START Supplied information
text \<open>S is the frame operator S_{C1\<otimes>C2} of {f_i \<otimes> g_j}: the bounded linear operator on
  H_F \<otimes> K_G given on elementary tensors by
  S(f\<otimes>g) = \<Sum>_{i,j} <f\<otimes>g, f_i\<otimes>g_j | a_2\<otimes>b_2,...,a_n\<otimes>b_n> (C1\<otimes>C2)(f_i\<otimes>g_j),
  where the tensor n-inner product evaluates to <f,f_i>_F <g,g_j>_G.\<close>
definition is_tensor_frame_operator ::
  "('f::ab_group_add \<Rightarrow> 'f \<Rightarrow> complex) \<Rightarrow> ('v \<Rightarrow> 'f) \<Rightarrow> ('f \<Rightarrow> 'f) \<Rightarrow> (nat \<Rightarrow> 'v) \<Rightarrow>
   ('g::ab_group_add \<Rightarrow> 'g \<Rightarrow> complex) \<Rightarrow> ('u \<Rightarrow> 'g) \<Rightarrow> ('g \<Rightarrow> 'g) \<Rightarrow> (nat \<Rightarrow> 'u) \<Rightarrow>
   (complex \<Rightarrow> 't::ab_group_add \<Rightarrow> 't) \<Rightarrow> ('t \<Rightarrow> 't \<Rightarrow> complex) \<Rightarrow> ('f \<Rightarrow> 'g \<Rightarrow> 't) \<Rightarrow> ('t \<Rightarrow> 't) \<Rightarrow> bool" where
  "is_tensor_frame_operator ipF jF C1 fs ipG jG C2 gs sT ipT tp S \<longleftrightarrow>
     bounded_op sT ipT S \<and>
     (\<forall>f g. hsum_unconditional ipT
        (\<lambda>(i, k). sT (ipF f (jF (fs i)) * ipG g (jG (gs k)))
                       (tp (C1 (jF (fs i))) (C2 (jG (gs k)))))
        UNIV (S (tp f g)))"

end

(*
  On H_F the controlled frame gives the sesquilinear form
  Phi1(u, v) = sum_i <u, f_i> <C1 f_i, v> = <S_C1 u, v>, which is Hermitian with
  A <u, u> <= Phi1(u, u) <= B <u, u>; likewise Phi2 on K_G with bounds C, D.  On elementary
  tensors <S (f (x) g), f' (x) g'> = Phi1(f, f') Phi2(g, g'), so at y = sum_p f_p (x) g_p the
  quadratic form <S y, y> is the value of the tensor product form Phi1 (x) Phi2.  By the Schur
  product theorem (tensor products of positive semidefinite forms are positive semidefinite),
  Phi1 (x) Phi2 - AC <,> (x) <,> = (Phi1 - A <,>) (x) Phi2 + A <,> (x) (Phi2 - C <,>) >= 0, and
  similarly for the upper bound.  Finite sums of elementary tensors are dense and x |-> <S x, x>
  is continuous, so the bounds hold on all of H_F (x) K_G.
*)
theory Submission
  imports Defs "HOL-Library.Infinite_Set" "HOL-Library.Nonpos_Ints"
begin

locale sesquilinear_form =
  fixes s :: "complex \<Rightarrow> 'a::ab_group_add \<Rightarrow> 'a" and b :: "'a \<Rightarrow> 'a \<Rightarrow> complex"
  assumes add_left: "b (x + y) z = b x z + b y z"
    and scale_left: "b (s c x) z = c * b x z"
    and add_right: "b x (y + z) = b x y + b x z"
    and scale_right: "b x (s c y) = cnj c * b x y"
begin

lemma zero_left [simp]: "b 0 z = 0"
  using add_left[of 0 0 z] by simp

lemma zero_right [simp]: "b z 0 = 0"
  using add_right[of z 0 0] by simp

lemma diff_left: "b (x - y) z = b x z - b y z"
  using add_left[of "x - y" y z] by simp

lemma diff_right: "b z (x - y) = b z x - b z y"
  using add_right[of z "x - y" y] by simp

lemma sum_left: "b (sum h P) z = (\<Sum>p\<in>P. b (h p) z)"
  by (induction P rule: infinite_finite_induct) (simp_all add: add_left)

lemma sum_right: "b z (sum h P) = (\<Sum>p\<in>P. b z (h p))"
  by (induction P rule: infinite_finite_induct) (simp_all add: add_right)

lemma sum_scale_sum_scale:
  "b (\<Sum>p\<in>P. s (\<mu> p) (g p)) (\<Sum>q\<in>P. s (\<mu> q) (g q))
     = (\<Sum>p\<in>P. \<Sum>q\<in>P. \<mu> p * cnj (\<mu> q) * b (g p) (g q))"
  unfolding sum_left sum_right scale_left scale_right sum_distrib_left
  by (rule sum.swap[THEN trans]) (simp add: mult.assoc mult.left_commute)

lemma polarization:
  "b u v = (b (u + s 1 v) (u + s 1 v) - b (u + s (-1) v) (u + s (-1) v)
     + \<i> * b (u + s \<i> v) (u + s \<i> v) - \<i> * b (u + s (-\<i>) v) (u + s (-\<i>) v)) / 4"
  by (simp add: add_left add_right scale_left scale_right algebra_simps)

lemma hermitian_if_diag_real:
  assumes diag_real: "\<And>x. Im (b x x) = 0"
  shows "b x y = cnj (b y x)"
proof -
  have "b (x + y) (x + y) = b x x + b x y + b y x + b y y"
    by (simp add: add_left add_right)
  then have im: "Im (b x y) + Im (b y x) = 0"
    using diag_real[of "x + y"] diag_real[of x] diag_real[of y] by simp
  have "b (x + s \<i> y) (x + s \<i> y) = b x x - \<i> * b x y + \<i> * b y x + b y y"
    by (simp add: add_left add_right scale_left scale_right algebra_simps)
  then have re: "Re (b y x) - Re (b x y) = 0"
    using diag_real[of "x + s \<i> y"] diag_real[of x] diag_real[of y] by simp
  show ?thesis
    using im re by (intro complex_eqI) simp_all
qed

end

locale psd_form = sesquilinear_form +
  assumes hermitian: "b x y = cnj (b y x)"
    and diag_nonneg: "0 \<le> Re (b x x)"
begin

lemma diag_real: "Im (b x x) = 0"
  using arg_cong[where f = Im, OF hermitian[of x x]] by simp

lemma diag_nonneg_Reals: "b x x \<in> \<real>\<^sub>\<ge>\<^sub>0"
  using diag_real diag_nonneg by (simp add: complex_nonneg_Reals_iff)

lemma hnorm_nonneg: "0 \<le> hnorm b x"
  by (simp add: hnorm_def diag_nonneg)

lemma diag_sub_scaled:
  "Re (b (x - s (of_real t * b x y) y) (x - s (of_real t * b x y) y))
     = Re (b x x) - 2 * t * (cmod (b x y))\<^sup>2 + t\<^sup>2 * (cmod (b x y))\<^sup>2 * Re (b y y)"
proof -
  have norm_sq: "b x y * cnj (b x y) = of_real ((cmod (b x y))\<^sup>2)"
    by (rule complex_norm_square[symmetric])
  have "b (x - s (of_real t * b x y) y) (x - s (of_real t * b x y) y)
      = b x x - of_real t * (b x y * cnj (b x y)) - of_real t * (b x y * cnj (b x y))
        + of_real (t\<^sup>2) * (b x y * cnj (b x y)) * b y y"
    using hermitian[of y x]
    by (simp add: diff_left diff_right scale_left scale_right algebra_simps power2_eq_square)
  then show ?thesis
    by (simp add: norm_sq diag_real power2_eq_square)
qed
END Supplied information
START Supplied information
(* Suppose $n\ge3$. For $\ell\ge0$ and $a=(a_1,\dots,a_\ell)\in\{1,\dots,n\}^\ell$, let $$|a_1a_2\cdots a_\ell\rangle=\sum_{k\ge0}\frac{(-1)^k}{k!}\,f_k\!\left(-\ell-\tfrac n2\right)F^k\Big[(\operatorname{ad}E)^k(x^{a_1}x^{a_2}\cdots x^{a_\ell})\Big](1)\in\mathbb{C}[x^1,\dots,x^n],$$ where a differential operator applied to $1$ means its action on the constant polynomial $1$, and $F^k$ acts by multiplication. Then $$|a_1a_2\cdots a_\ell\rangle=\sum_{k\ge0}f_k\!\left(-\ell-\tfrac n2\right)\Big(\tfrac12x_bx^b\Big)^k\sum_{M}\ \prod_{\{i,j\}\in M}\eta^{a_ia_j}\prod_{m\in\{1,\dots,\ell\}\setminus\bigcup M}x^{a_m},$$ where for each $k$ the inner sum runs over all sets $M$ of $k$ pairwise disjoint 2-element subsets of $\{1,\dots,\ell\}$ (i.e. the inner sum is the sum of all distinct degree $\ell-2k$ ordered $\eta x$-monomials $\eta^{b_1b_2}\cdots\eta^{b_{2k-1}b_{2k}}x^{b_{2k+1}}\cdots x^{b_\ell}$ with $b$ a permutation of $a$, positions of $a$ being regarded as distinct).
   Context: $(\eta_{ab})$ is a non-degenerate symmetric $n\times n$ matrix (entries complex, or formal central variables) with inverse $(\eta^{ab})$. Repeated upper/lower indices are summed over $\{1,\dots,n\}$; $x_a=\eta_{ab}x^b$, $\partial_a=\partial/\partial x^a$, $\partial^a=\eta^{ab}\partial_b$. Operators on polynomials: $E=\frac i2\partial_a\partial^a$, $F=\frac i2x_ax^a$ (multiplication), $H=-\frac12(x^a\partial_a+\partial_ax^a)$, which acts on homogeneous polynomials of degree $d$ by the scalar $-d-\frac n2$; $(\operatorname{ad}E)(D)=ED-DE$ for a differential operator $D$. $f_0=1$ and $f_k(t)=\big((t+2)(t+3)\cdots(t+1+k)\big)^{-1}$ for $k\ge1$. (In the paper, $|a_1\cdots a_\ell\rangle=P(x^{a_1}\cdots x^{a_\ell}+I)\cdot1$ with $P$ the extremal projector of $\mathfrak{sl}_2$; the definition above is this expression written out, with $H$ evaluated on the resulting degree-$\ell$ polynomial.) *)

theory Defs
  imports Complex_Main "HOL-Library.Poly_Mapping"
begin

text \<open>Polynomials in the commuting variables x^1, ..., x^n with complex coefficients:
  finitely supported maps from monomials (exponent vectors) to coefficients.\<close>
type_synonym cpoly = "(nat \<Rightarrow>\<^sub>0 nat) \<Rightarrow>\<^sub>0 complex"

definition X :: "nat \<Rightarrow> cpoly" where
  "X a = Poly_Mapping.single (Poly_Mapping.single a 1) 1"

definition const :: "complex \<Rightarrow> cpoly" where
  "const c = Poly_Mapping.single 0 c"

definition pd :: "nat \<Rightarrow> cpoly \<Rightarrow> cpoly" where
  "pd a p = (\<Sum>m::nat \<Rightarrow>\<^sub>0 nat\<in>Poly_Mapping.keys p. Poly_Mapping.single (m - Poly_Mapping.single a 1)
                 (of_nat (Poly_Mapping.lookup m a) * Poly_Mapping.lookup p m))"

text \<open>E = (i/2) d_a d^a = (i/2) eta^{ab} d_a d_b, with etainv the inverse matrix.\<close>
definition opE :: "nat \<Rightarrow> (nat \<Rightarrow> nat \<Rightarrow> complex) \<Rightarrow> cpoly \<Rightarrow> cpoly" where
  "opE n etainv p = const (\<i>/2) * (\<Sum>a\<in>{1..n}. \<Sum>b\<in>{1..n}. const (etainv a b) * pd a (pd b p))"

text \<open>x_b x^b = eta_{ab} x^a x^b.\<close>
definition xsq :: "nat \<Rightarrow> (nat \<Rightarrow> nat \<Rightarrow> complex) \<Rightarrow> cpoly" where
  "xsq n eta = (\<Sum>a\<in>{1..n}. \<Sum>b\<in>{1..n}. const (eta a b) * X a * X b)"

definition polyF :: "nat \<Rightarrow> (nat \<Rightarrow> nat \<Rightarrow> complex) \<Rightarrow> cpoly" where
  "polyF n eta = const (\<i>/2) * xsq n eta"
END Supplied information
Go to the line with "text \<open>S is" in the entries above and repeat every line from there through the line with "('g::ab_group_add \<Rightarrow> 'g", exactly and with no other text.

text \<open>S is the frame operator S_{C1\<otimes>C2} of {f_i \<otimes> g_j}: the bounded linear operator on
  H_F \<otimes> K_G given on elementary tensors by
  S(f\<otimes>g) = \<Sum>_{i,j} <f\<otimes>g, f_i\<otimes>g_j | a_2\<otimes>b_2,...,a_n\<otimes>b_n> (C1\<otimes>C2)(f_i\<otimes>g_j),
  where the tensor n-inner product evaluates to <f,f_i>_F <g,g_j>_G.\<close>
definition is_tensor_frame_operator ::
  "('f::ab_group_add \<Rightarrow> 'f \<Rightarrow> complex) \<Rightarrow> ('v \<Rightarrow> 'f) \<Rightarrow> ('f \<Rightarrow> 'f) \<Rightarrow> (nat \<Rightarrow> 'v) \<Rightarrow>
   ('g::ab_group_add \<Rightarrow> 'g \<Rightarrow> complex) \<Rightarrow> ('u \<Rightarrow> 'g) \<Rightarrow> ('g \<Rightarrow> 'g) \<Rightarrow> (nat \<Rightarrow> 'u) \<Rightarrow>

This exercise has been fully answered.